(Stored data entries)

(* Let $(\mathcal{B},\|\cdot\|)$ be a Banach algebra with unity $e$ and let $U\subset\mathbb{R}^d$ be open. Assume $A,X:U\to\mathcal{B}$ are $C^s$-maps, $s\in\mathbb{N}_0$, and $A^{-1}(\lambda)$ exists for all $\lambda\in U$. Suppose there exist constants $\epsilon>0$, $M\ge1$, $C\ge1$ with $\|\partial^\beta A^{-1}(\lambda)\|\le MC^{|\beta|_1}$ and $\|\partial^\beta X(\lambda)\|\le\epsilon C^{|\beta|_1}$ for all $\lambda\in U$, $0\le|\beta|_1\le s$, and $\epsilon M\le\frac12$. Then $(A+X)(\lambda)$ is invertible in $\mathcal{B}$ for all $\lambda\in U$ and $$\|\partial^\beta(A+X)^{-1}(\lambda)\|\le2\Big(\sum_{k=1}^{|\beta|_1+1}k^{|\beta|_1}\|e\|^k\Big)M(2C)^{|\beta|_1}\quad\text{for }\lambda\in U,\ 0\le|\beta|_1\le s.$$
   Context: $\beta\in\mathbb{N}_0^d$ is a multi-index, $|\beta|_1=\sum_i\beta_i$, $\partial^\beta$ the corresponding partial derivative. *)

theory Defs
  imports "HOL-Analysis.Analysis"
begin

definition invertible_elem :: "'a::ring_1 \<Rightarrow> bool" where
  "invertible_elem a \<longleftrightarrow> (\<exists>b. a * b = 1 \<and> b * a = 1)"

definition ainv :: "'a::ring_1 \<Rightarrow> 'a" where
  "ainv a = (THE b. a * b = 1 \<and> b * a = 1)"

definition partial_i :: "'n::finite \<Rightarrow> (real^'n \<Rightarrow> 'b::real_normed_vector) \<Rightarrow> real^'n \<Rightarrow> 'b" where
  "partial_i i f x = vector_derivative (\<lambda>t. f (x + t *\<^sub>R axis i 1)) (at 0)"
(* Let $n\ge 2$, let $a_1,\dots,a_n$ be positive integers, let $b\ge 0$ be an integer, and let $M$ be the least common multiple of $a_1,\dots,a_n$ (more generally, $M$ may be taken to be any positive common multiple of $a_1,\dots,a_n$). Put $d_i=M/a_i$ for $i=1,\dots,n$, and $$f(t_1,\dots,t_n)=\frac{1}{M}\Bigl(b-\sum_{i=1}^n a_it_i\Bigr).$$ Let $P(b)$ be the number of $n$-tuples $(x_1,\dots,x_n)$ of non-negative integers with $\sum_{i=1}^n a_ix_i=b$. Then $$P(b)=\sum_{t_1=0}^{d_1-1}\sum_{t_2=0}^{d_2-1}\cdots\sum_{t_n=0}^{d_n-1} C\bigl(f(t_1,\dots,t_n)+1;\,n-1\bigr).$$
   Context: For a real number $k$ and a non-negative integer $l$, define $C(k;l)=\frac{1}{l!}\,k(k+1)\cdots(k+l-1)$ if $k$ is a positive integer (natural number), and $C(k;l)=0$ otherwise (in particular $C(k;l)=0$ whenever $k$ is not an integer or $k\le 0$). *)

theory Defs
  imports Complex_Main "HOL-Library.FuncSet"
begin

definition Cpoch :: "real \<Rightarrow> nat \<Rightarrow> real" where
  "Cpoch k l = (if k \<in> \<nat> \<and> k > 0 then (\<Prod>j<l. (k + real j)) / fact l else 0)"

definition Pcount :: "nat \<Rightarrow> (nat \<Rightarrow> nat) \<Rightarrow> nat \<Rightarrow> nat" where
  "Pcount n a b = card {x \<in> {..<n} \<rightarrow>\<^sub>E (UNIV :: nat set). (\<Sum>i<n. a i * x i) = b}"

end

theory Submission
  imports Defs
begin

text \<open>Write each \<open>x\<^sub>i = t\<^sub>i + d\<^sub>i y\<^sub>i\<close> with residue \<open>0 \<le> t\<^sub>i < d\<^sub>i\<close>. Since \<open>a\<^sub>i d\<^sub>i = M\<close>, the
  equation becomes \<open>s + M \<Sum> y\<^sub>i = b\<close> with \<open>s = \<Sum> a\<^sub>i t\<^sub>i\<close>, so the solutions with residue
  vector \<open>t\<close> correspond to the compositions of \<open>k = (b - s)/M\<close> into \<open>n\<close> non-negative parts.
  There are \<open>(k + n - 1 choose n - 1) = C(k + 1; n - 1)\<close> of them if \<open>k\<close> is a non-negative
  integer and none otherwise, where also \<open>C(k + 1; n - 1) = 0\<close>. Summing over the residue
  vectors gives the formula.\<close>

lemma Cpoch_of_nat_plus_one: "Cpoch (real k + 1) m = real ((k + m) choose k)"
proof -
  have "real k + 1 \<in> \<nat>"
    by (metis of_nat_Suc of_nat_in_Nats add.commute)
  moreover have "real ((k + m) choose k) = (\<Prod>j<m. real k + 1 + real j) / fact m"
    by (simp add: binomial_symmetric[of k "k + m", simplified] binomial_gbinomial
        gbinomial_pochhammer' pochhammer_prod lessThan_atLeast0)
  ultimately show ?thesis
    by (simp add: Cpoch_def add_pos_nonneg)
qed

lemma Cpoch_quotient:
  assumes "M > 0"
  shows "Cpoch ((real b - real s) / real M + 1) m =
    (if s \<le> b \<and> M dvd b - s then real ((b - s) div M + m choose ((b - s) div M)) else 0)"
proof (cases "s \<le> b \<and> M dvd b - s")
  case True
  then obtain q where "b = s + M * q"
    by (metis dvd_def le_add_diff_inverse)
  then have "(real b - real s) / real M = real ((b - s) div M)"
    using assms by simp
  with True show ?thesis
    by (simp add: Cpoch_of_nat_plus_one)
next
  case False
  have "\<not> ((real b - real s) / real M + 1 \<in> \<nat> \<and> (real b - real s) / real M + 1 > 0)"
  proof
    assume "(real b - real s) / real M + 1 \<in> \<nat> \<and> (real b - real s) / real M + 1 > 0"
    then obtain r where "(real b - real s) / real M + 1 = real (Suc r)"
      by (metis Nats_cases gr0_implies_Suc of_nat_0_less_iff)
    then have "real b = real (s + M * r)"
      using assms by (simp add: field_simps)
    then have "b = s + M * r"
      using of_nat_eq_iff by blast
    with False show False
      by simp
  qed
  with False show ?thesis
    by (simp add: Cpoch_def)
qed

lemma card_PiE_sum_eq:
  "card {y \<in> {..<n} \<rightarrow>\<^sub>E (UNIV :: nat set). (\<Sum>i<n. y i) = k} = (k + n - 1) choose k"
proof -
  have "bij_betw (\<lambda>l. \<lambda>i\<in>{..<n}. l ! i) {l. length l = n \<and> sum_list l = k}
          {y \<in> {..<n} \<rightarrow>\<^sub>E UNIV. (\<Sum>i<n. y i) = k}"
  proof (rule bij_betw_byWitness[where f' = "\<lambda>y. map y [0..<n]"])
    show "\<forall>l\<in>{l. length l = n \<and> sum_list l = k}. map (\<lambda>i\<in>{..<n}. l ! i) [0..<n] = l"
      by (auto intro: nth_equalityI)
    show "\<forall>y\<in>{y \<in> {..<n} \<rightarrow>\<^sub>E UNIV. (\<Sum>i<n. y i) = k}. (\<lambda>i\<in>{..<n}. map y [0..<n] ! i) = y"
      by (auto simp: PiE_iff fun_eq_iff extensional_def)
    show "(\<lambda>l. \<lambda>i\<in>{..<n}. l ! i) ` {l. length l = n \<and> sum_list l = k}
            \<subseteq> {y \<in> {..<n} \<rightarrow>\<^sub>E UNIV. (\<Sum>i<n. y i) = k}"
      by (auto simp: sum_list_sum_nth lessThan_atLeast0)
    show "(\<lambda>y. map y [0..<n]) ` {y \<in> {..<n} \<rightarrow>\<^sub>E UNIV. (\<Sum>i<n. y i) = k}
            \<subseteq> {l. length l = n \<and> sum_list l = k}"
      by (auto simp: sum_list_sum_nth lessThan_atLeast0)
  qed
  then show ?thesis
    using card_length_sum_list[of n k] bij_betw_same_card by fastforce
qed

lemma bij_betw_PiE_div_mod:
  assumes "t \<in> (\<Pi>\<^sub>E i\<in>I. {..<d i})"
  shows "bij_betw (\<lambda>y. \<lambda>i\<in>I. t i + d i * y i) (I \<rightarrow>\<^sub>E (UNIV :: nat set))
           {x \<in> I \<rightarrow>\<^sub>E UNIV. (\<lambda>i\<in>I. x i mod d i) = t}"
proof (rule bij_betw_byWitness[where f' = "\<lambda>x. \<lambda>i\<in>I. x i div d i"])
  have t: "t i < d i" if "i \<in> I" for i
    using assms that by auto
  have div: "(t i + d i * q) div d i = q" if "i \<in> I" for i q
    using t[OF that] by simp
  show "\<forall>y\<in>I \<rightarrow>\<^sub>E UNIV. (\<lambda>i\<in>I. (\<lambda>i\<in>I. t i + d i * y i) i div d i) = y"
    using div by (auto simp: PiE_iff fun_eq_iff extensional_def)
  show "\<forall>x\<in>{x \<in> I \<rightarrow>\<^sub>E UNIV. (\<lambda>i\<in>I. x i mod d i) = t}.
          (\<lambda>i\<in>I. t i + d i * (\<lambda>i\<in>I. x i div d i) i) = x"
    by (auto simp: fun_eq_iff PiE_iff extensional_def) (metis mod_mult_div_eq)
  show "(\<lambda>y. \<lambda>i\<in>I. t i + d i * y i) ` (I \<rightarrow>\<^sub>E UNIV)
          \<subseteq> {x \<in> I \<rightarrow>\<^sub>E UNIV. (\<lambda>i\<in>I. x i mod d i) = t}"
    using t assms by (auto simp: fun_eq_iff PiE_iff extensional_def)
  show "(\<lambda>x. \<lambda>i\<in>I. x i div d i) ` {x \<in> I \<rightarrow>\<^sub>E UNIV. (\<lambda>i\<in>I. x i mod d i) = t} \<subseteq> I \<rightarrow>\<^sub>E UNIV"
    by auto
qed

lemma card_PiE_affine_sum_eq:
  assumes "M > 0"
  shows "card {y \<in> {..<n} \<rightarrow>\<^sub>E (UNIV :: nat set). s + M * (\<Sum>i<n. y i) = b} =
    (if s \<le> b \<and> M dvd b - s then ((b - s) div M + n - 1) choose ((b - s) div M) else 0)"
proof (cases "s \<le> b \<and> M dvd b - s")
  case True
  then obtain q where "b = s + M * q"
    by (metis dvd_def le_add_diff_inverse)
  then have "s + M * m = b \<longleftrightarrow> m = (b - s) div M" for m
    using assms by simp
  with True show ?thesis
    by (simp add: card_PiE_sum_eq)
next
  case False
  then have "s + M * m \<noteq> b" for m
    by fastforce
  then have "{y \<in> {..<n} \<rightarrow>\<^sub>E UNIV. s + M * (\<Sum>i<n. y i) = b} = {}"
    by blast
  then show ?thesis
    unfolding if_not_P[OF False] by (simp only: card.empty)
qed

lemma sum_weighted_div_mod:
  fixes a d t y :: "'i \<Rightarrow> nat"
  assumes "\<forall>i\<in>I. a i * d i = (M :: nat)"
  shows "(\<Sum>i\<in>I. a i * (t i + d i * y i)) = (\<Sum>i\<in>I. a i * t i) + M * (\<Sum>i\<in>I. y i)"
proof -
  have "(\<Sum>i\<in>I. a i * (t i + d i * y i)) = (\<Sum>i\<in>I. a i * t i + M * y i)"
    using assms by (intro sum.cong) (auto simp: algebra_simps simp flip: mult.assoc)
  then show ?thesis
    by (simp add: sum.distrib sum_distrib_left)
qed

lemma card_residue_fibre:
  fixes a d t :: "nat \<Rightarrow> nat"
  assumes ad: "\<forall>i<n. a i * d i = M" and "M > 0" and t: "t \<in> (\<Pi>\<^sub>E i\<in>{..<n}. {..<d i})"
  defines "s \<equiv> \<Sum>i<n. a i * t i"
  shows "card {x \<in> {x \<in> {..<n} \<rightarrow>\<^sub>E UNIV. (\<Sum>i<n. a i * x i) = b}. (\<lambda>i\<in>{..<n}. x i mod d i) = t} =
    (if s \<le> b \<and> M dvd b - s then ((b - s) div M + n - 1) choose ((b - s) div M) else 0)"
    (is "card ?F = _")
proof -
  let ?f = "\<lambda>y. \<lambda>i\<in>{..<n}. t i + d i * y i"
  let ?Y = "{y \<in> {..<n} \<rightarrow>\<^sub>E UNIV. s + M * (\<Sum>i<n. y i) = b}"
  have "(\<Sum>i<n. a i * ?f y i) = s + M * (\<Sum>i<n. y i)" for y
  proof -
    have "(\<Sum>i<n. a i * ?f y i) = (\<Sum>i<n. a i * (t i + d i * y i))"
      by (rule sum.cong) simp_all
    also have "\<dots> = s + M * (\<Sum>i<n. y i)"
      unfolding s_def by (rule sum_weighted_div_mod) (use ad in simp)
    finally show ?thesis .
  qed
  then have "bij_betw ?f ?Y {x \<in> {x \<in> {..<n} \<rightarrow>\<^sub>E UNIV. (\<lambda>i\<in>{..<n}. x i mod d i) = t}. (\<Sum>i<n. a i * x i) = b}"
    by (intro bij_betw_Collect[OF bij_betw_PiE_div_mod[OF t]]) simp
  also have "{x \<in> {x \<in> {..<n} \<rightarrow>\<^sub>E UNIV. (\<lambda>i\<in>{..<n}. x i mod d i) = t}. (\<Sum>i<n. a i * x i) = b} = ?F"
    by blast
  finally have "card ?F = card ?Y"
    by (simp add: bij_betw_same_card)
  with card_PiE_affine_sum_eq[OF \<open>M > 0\<close>] show ?thesis
    by simp
qed

lemma finite_PiE_weighted_sum_eq:
  fixes a :: "nat \<Rightarrow> nat"
  assumes "\<forall>i<n. a i > 0"
  shows "finite {x \<in> {..<n} \<rightarrow>\<^sub>E (UNIV :: nat set). (\<Sum>i<n. a i * x i) = b}"
proof (rule finite_subset)
  show "{x \<in> {..<n} \<rightarrow>\<^sub>E UNIV. (\<Sum>i<n. a i * x i) = b} \<subseteq> {..<n} \<rightarrow>\<^sub>E {..b}"
  proof (intro subsetI PiE_I)
    fix x i
    assume x: "x \<in> {x \<in> {..<n} \<rightarrow>\<^sub>E UNIV. (\<Sum>i<n. a i * x i) = b}"
    then show "i \<notin> {..<n} \<Longrightarrow> x i = undefined"
      by auto
    assume "i \<in> {..<n}"
    then have "x i \<le> a i * x i"
      using assms by (simp add: Suc_le_eq)
    also have "\<dots> \<le> (\<Sum>i<n. a i * x i)"
      using \<open>i \<in> {..<n}\<close> by (intro member_le_sum) simp_all
    finally show "x i \<in> {..b}"
      using x by simp
  qed
qed (simp add: finite_PiE)

theorem mainTheorem1:
  fixes n :: nat and a :: "nat \<Rightarrow> nat" and b :: nat and M :: nat
  assumes "n \<ge> 2"
    and "\<forall>i<n. a i > 0"
    and "M > 0"
    and "\<forall>i<n. a i dvd M"
  shows "real (Pcount n a b) =
    (\<Sum>t \<in> (\<Pi>\<^sub>E i\<in>{..<n}. {..<M div a i}).
       Cpoch ((real b - (\<Sum>i<n. real (a i) * real (t i))) / real M + 1) (n - 1))"
proof -
  define d where "d i = M div a i" for i
  let ?E = "{x \<in> {..<n} \<rightarrow>\<^sub>E UNIV. (\<Sum>i<n. a i * x i) = b}"
  let ?T = "\<Pi>\<^sub>E i\<in>{..<n}. {..<d i}"
  have ad: "\<forall>i<n. a i * d i = M"
    using assms(2,4) by (simp add: d_def)
  then have "d i > 0" if "i < n" for i
    using assms(3) that by (metis mult_0_right neq0_conv)
  then have residues: "(\<lambda>x. \<lambda>i\<in>{..<n}. x i mod d i) ` ?E \<subseteq> ?T"
    by (auto simp: restrict_PiE_iff)
  have "real (Pcount n a b) = (\<Sum>t\<in>?T. real (card {x \<in> ?E. (\<lambda>i\<in>{..<n}. x i mod d i) = t}))"
    using sum_fun_comp[OF finite_PiE_weighted_sum_eq[OF assms(2)] _ residues, of "\<lambda>_. 1 :: real"]
    by (simp add: Pcount_def finite_PiE)
  also have "\<dots> = (\<Sum>t\<in>?T. Cpoch ((real b - real (\<Sum>i<n. a i * t i)) / real M + 1) (n - 1))"
  proof (rule sum.cong[OF refl])
    fix t
    assume "t \<in> ?T"
    then show "real (card {x \<in> ?E. (\<lambda>i\<in>{..<n}. x i mod d i) = t}) =
        Cpoch ((real b - real (\<Sum>i<n. a i * t i)) / real M + 1) (n - 1)"
      using card_residue_fibre[OF ad assms(3), of t b]
        Cpoch_quotient[OF assms(3), of b "\<Sum>i<n. a i * t i" "n - 1"] assms(1)
      by simp
  qed
  finally show ?thesis
    by (simp add: d_def)
qed

end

■ **Task brief**: Beginning with the opening line above, retype the records exactly through the line with "(* Let $n\ge", both ends included.

■ **Problem solution**:
(* Let $(\mathcal{B},\|\cdot\|)$ be a Banach algebra with unity $e$ and let $U\subset\mathbb{R}^d$ be open. Assume $A,X:U\to\mathcal{B}$ are $C^s$-maps, $s\in\mathbb{N}_0$, and $A^{-1}(\lambda)$ exists for all $\lambda\in U$. Suppose there exist constants $\epsilon>0$, $M\ge1$, $C\ge1$ with $\|\partial^\beta A^{-1}(\lambda)\|\le MC^{|\beta|_1}$ and $\|\partial^\beta X(\lambda)\|\le\epsilon C^{|\beta|_1}$ for all $\lambda\in U$, $0\le|\beta|_1\le s$, and $\epsilon M\le\frac12$. Then $(A+X)(\lambda)$ is invertible in $\mathcal{B}$ for all $\lambda\in U$ and $$\|\partial^\beta(A+X)^{-1}(\lambda)\|\le2\Big(\sum_{k=1}^{|\beta|_1+1}k^{|\beta|_1}\|e\|^k\Big)M(2C)^{|\beta|_1}\quad\text{for }\lambda\in U,\ 0\le|\beta|_1\le s.$$
   Context: $\beta\in\mathbb{N}_0^d$ is a multi-index, $|\beta|_1=\sum_i\beta_i$, $\partial^\beta$ the corresponding partial derivative. *)

theory Defs
  imports "HOL-Analysis.Analysis"
begin

definition invertible_elem :: "'a::ring_1 \<Rightarrow> bool" where
  "invertible_elem a \<longleftrightarrow> (\<exists>b. a * b = 1 \<and> b * a = 1)"

definition ainv :: "'a::ring_1 \<Rightarrow> 'a" where
  "ainv a = (THE b. a * b = 1 \<and> b * a = 1)"

definition partial_i :: "'n::finite \<Rightarrow> (real^'n \<Rightarrow> 'b::real_normed_vector) \<Rightarrow> real^'n \<Rightarrow> 'b" where
  "partial_i i f x = vector_derivative (\<lambda>t. f (x + t *\<^sub>R axis i 1)) (at 0)"
(* Let $n\ge 2$, let $a_1,\dots,a_n$ be positive integers, let $b\ge 0$ be an integer, and let $M$ be the least common multiple of $a_1,\dots,a_n$ (more generally, $M$ may be taken to be any positive common multiple of $a_1,\dots,a_n$). Put $d_i=M/a_i$ for $i=1,\dots,n$, and $$f(t_1,\dots,t_n)=\frac{1}{M}\Bigl(b-\sum_{i=1}^n a_it_i\Bigr).$$ Let $P(b)$ be the number of $n$-tuples $(x_1,\dots,x_n)$ of non-negative integers with $\sum_{i=1}^n a_ix_i=b$. Then $$P(b)=\sum_{t_1=0}^{d_1-1}\sum_{t_2=0}^{d_2-1}\cdots\sum_{t_n=0}^{d_n-1} C\bigl(f(t_1,\dots,t_n)+1;\,n-1\bigr).$$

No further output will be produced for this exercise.